Can anyone offer some insights on how to get it to display the
characters correctly and also clue me in on the differences between
encodings and code pages?

thanks!

Oct 15 '08 #1
0 2623

This thread has been closed and replies have been disabled. Please start a new discussion.

Similar topics

32
by: Wolfgang Draxinger | last post by:
I understand that it is perfectly possible to store UTF-8 strings in a std::string, however doing so can cause some implicaions. E.g. you can't count the amount of characters by length() | size()....
5
by: Borko | last post by:
hi I am having problems getting unicode characters into VB. Using VB6 (sp3) and Access 2000 Characters are displayed correctly in Access, just when I use ADODB (2.7) to read them in VB i get ?...
14
by: Jon Davis | last post by:
I have put my users through so much crap with this bug it is an absolute shame. I have a product that reads/writes RSS 2.0 documents, among other things. The RSS 2.0 spec mandates an en-US style...
11
by: Cor Ligthert | last post by:
Hello everybody, Jay and Herfried are telling me every time when I use CDate that using the datetime.parseexact is always the best way to do String to datetime conversions. They don't tell why...
4
by: LinasB | last post by:
Hi, How to read system setting value of "Language for non-Unicode programs" ? Or how to set it programmatically? LinasB
24
by: ChaosKCW | last post by:
Hi I am reading from an oracle database using cx_Oracle. I am writing to a SQLite database using apsw.
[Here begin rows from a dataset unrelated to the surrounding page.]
lemma card_Sigma_Pow_le:
  assumes "finite F" "\<And>S. S \<in> F \<Longrightarrow> finite S" "\<And>S. S \<in> F \<Longrightarrow> card S \<le> L"
  shows "card (SIGMA S:F. Pow (S \<times> S)) \<le> card F * 2 ^ (L * L)"
proof -
  have "card (SIGMA S:F. Pow (S \<times> S)) = (\<Sum>S\<in>F. card (Pow (S \<times> S)))"
    using assms by (intro card_SigmaI) auto
  also have "\<dots> \<le> (\<Sum>S\<in>F. 2 ^ (L * L))"
  proof (rule sum_mono)
    fix S assume "S \<in> F"
    with assms have "card (Pow (S \<times> S)) = 2 ^ (card S * card S)"
      by (simp add: card_Pow card_cartesian_product)
    also have "\<dots> \<le> 2 ^ (L * L)"
      using assms(3)[OF \<open>S \<in> F\<close>] by (intro power_increasing mult_le_mono) auto
    finally show "card (Pow (S \<times> S)) \<le> 2 ^ (L * L)" .
  qed
  finally show ?thesis by simp
qed

lemma block_starts_admissible:
  assumes G: "ograph n E" and "1 \<le> n" and hyp: "sum_list (drop (k + 1) (block_seq n E)) \<le> M"
  shows "block_starts n E \<in> admissible_starts (k + 1 + M) M k n"
proof -
  note S = block_starts_subset[of n E] one_in_block_starts[OF \<open>1 \<le> n\<close>]
  have "length (gap_code (block_starts n E) n) \<le> k + 1 + M"
    using length_le_if_sum_list_drop_le[OF block_seq_pos hyp]
    by (simp add: length_gap_code card_block_starts[OF G] length_block_seq)
  moreover have "length (filter (\<lambda>x. M < x) (gap_code (block_starts n E) n)) \<le> k + 1"
    using length_filter_gap_code_le[OF G \<open>1 \<le> n\<close>, of M]
      length_filter_greater_le_if_sum_list_drop_le[OF hyp]
    by (simp add: length_filter_block_seq)
  ultimately show ?thesis
    using S sum_list_gap_code[OF S] by (simp add: admissible_starts_def few_large_comps_def)
qed

lemma card_members_le:
  fixes P :: "(nat \<times> (nat \<times> nat) set) set" and k M n :: nat
  defines "L \<equiv> k + 1 + M"
  assumes graphs: "\<forall>(n, E) \<in> P. ograph n E"
    and hyp: "\<forall>(n, E) \<in> P. sum_list (drop (k + 1) (block_seq n E)) \<le> M"
    and "1 \<le> n"
  shows "card (members P n) \<le> (L + 1) * (M + 2) ^ L * ((k + 1) * (n + 1) ^ k) * 2 ^ (L * L)"
proof -
  let ?code = "\<lambda>E. (block_starts n E, quotient_edges n E)"
  let ?T = "SIGMA S:admissible_starts L M k n. Pow (S \<times> S)"
  have G: "ograph n E" and bound: "sum_list (drop (k + 1) (block_seq n E)) \<le> M"
    if "E \<in> members P n" for E
    using that graphs hyp by (auto simp: members_def)
  have "inj_on ?code (members P n)"
    by (rule inj_onI) (metis G lift_quotient_edges prod.inject)
  moreover have "?code ` members P n \<subseteq> ?T"
  proof (rule image_subsetI)
    fix E assume "E \<in> members P n"
    with G bound \<open>1 \<le> n\<close> show "?code E \<in> ?T"
      unfolding L_def using block_starts_admissible quotient_edges_subset by blast
  qed
  moreover have "finite ?T"
    using finite_admissible_starts
    by (rule finite_SigmaI) (auto simp: admissible_starts_def intro: finite_subset)
  ultimately have "card (members P n) \<le> card ?T"
    by (rule card_inj_on_le)
  also have "\<dots> \<le> card (admissible_starts L M k n) * 2 ^ (L * L)"
    by (rule card_Sigma_Pow_le[OF finite_admissible_starts])
      (auto simp: admissible_starts_def card_admissible_start_le intro: finite_subset)
  also have "\<dots> \<le> (L + 1) * (M + 2) ^ L * ((k + 1) * (n + 1) ^ k) * 2 ^ (L * L)"
    using card_admissible_starts card_few_large_comps order_trans by (intro mult_le_mono1) blast
  finally show ?thesis .
qed

theorem lemma8:
  fixes P :: "(nat \<times> (nat \<times> nat) set) set" and k M :: nat
  assumes "hereditary P"
    and "\<forall>(n, E) \<in> P. sum_list (drop (k + 1) (block_seq n E)) \<le> M"
  shows "(\<lambda>n. real (card (members P n))) \<in> O(\<lambda>n. real n ^ k)"
proof -
  define L where "L = k + 1 + M"
  define C where "C = (L + 1) * (M + 2) ^ L * (k + 1) * 2 ^ (L * L) * 2 ^ k"
  have graphs: "\<forall>(n, E) \<in> P. ograph n E"
    using \<open>hereditary P\<close> by (simp add: hereditary_def)
  have "eventually (\<lambda>n. norm (real (card (members P n))) \<le> real C * norm (real n ^ k)) at_top"
    using eventually_ge_at_top[of "1::nat"]
  proof eventually_elim
    case (elim n)
    have "card (members P n) \<le> (L + 1) * (M + 2) ^ L * ((k + 1) * (n + 1) ^ k) * 2 ^ (L * L)"
      using card_members_le[OF graphs assms(2) elim] by (simp add: L_def)
    also have "\<dots> \<le> (L + 1) * (M + 2) ^ L * ((k + 1) * (2 * n) ^ k) * 2 ^ (L * L)"
      using elim by (intro mult_le_mono power_mono) auto
    also have "\<dots> = C * n ^ k"
      by (simp add: C_def power_mult_distrib algebra_simps)
    finally show ?case by (simp flip: of_nat_power of_nat_mult)
  qed
  then show ?thesis by (rule bigoI)
qed

end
The oracle database is returning utf-8 characters for euopean item names, ie special...
2
by: jason | last post by:
DOTNET 2.0 VS 2005. My client is saying August 13,2006.. julian date should equal 225. Here's what I'm doing: <%@ Import Namespace="system.globalization" %> <script language="VB"...
1
by: newpuritangrant | last post by:
All Apologies for the naivety of the following question, but how can one iterate over a Managed C++ String, and identify if any of the characters belong to a certain unicode range.? For example...
0
by: Jedediah Marcus | last post by:
I would like to parse a hebrew date into a System::DateTime variable: System::Globalization::CultureInfo ^CulInfo = gcnew System::Globalization::CultureInfo("he-IL");...
0
by: taylorcarr | last post by:
A Canon printer is a smart device known for being advanced, efficient, and reliable. It is designed for home, office, and hybrid workspace use and can also be used for a variety of purposes. However,...
0
by: Charles Arthur | last post by:
How do i turn on java script on a villaon, callus and itel keypad mobile phone
0
by: ryjfgjl | last post by:
If we have dozens or hundreds of excel to import into the database, if we use the excel import function provided by database editors such as navicat, it will be extremely tedious and time-consuming...
0
by: ryjfgjl | last post by:
In our work, we often receive Excel tables with data in the same format. If we want to analyze these data, it can be difficult to analyze them because the data is spread across multiple Excel files...
0
BarryA
by: BarryA | last post by:
What are the essential steps and strategies outlined in the Data Structures and Algorithms (DSA) roadmap for aspiring data scientists? How can individuals effectively utilize this roadmap to progress...
0
by: Hystou | last post by:
There are some requirements for setting up RAID: 1. The motherboard and BIOS support RAID configuration. 2. The motherboard has 2 or more available SATA protocol SSD/HDD slots (including MSATA, M.2...
0
by: Hystou | last post by:
Most computers default to English, but sometimes we require a different language, especially when relocating. Forgot to request a specific language before your computer shipped? No problem! You can...
0
Oralloy
by: Oralloy | last post by:
Hello folks, I am unable to find appropriate documentation on the type promotion of bit-fields when using the generalised comparison operator "<=>". The problem is that using the GNU compilers,...
0
jinu1996
by: jinu1996 | last post by:
In today's digital age, having a compelling online presence is paramount for businesses aiming to thrive in a competitive landscape. At the heart of this digital strategy lies an intricately woven...

By using Bytes.com and it's services, you agree to our Privacy Policy and Terms of Use.

To disable or enable advertisements and analytics tracking please visit the manage ads & tracking page.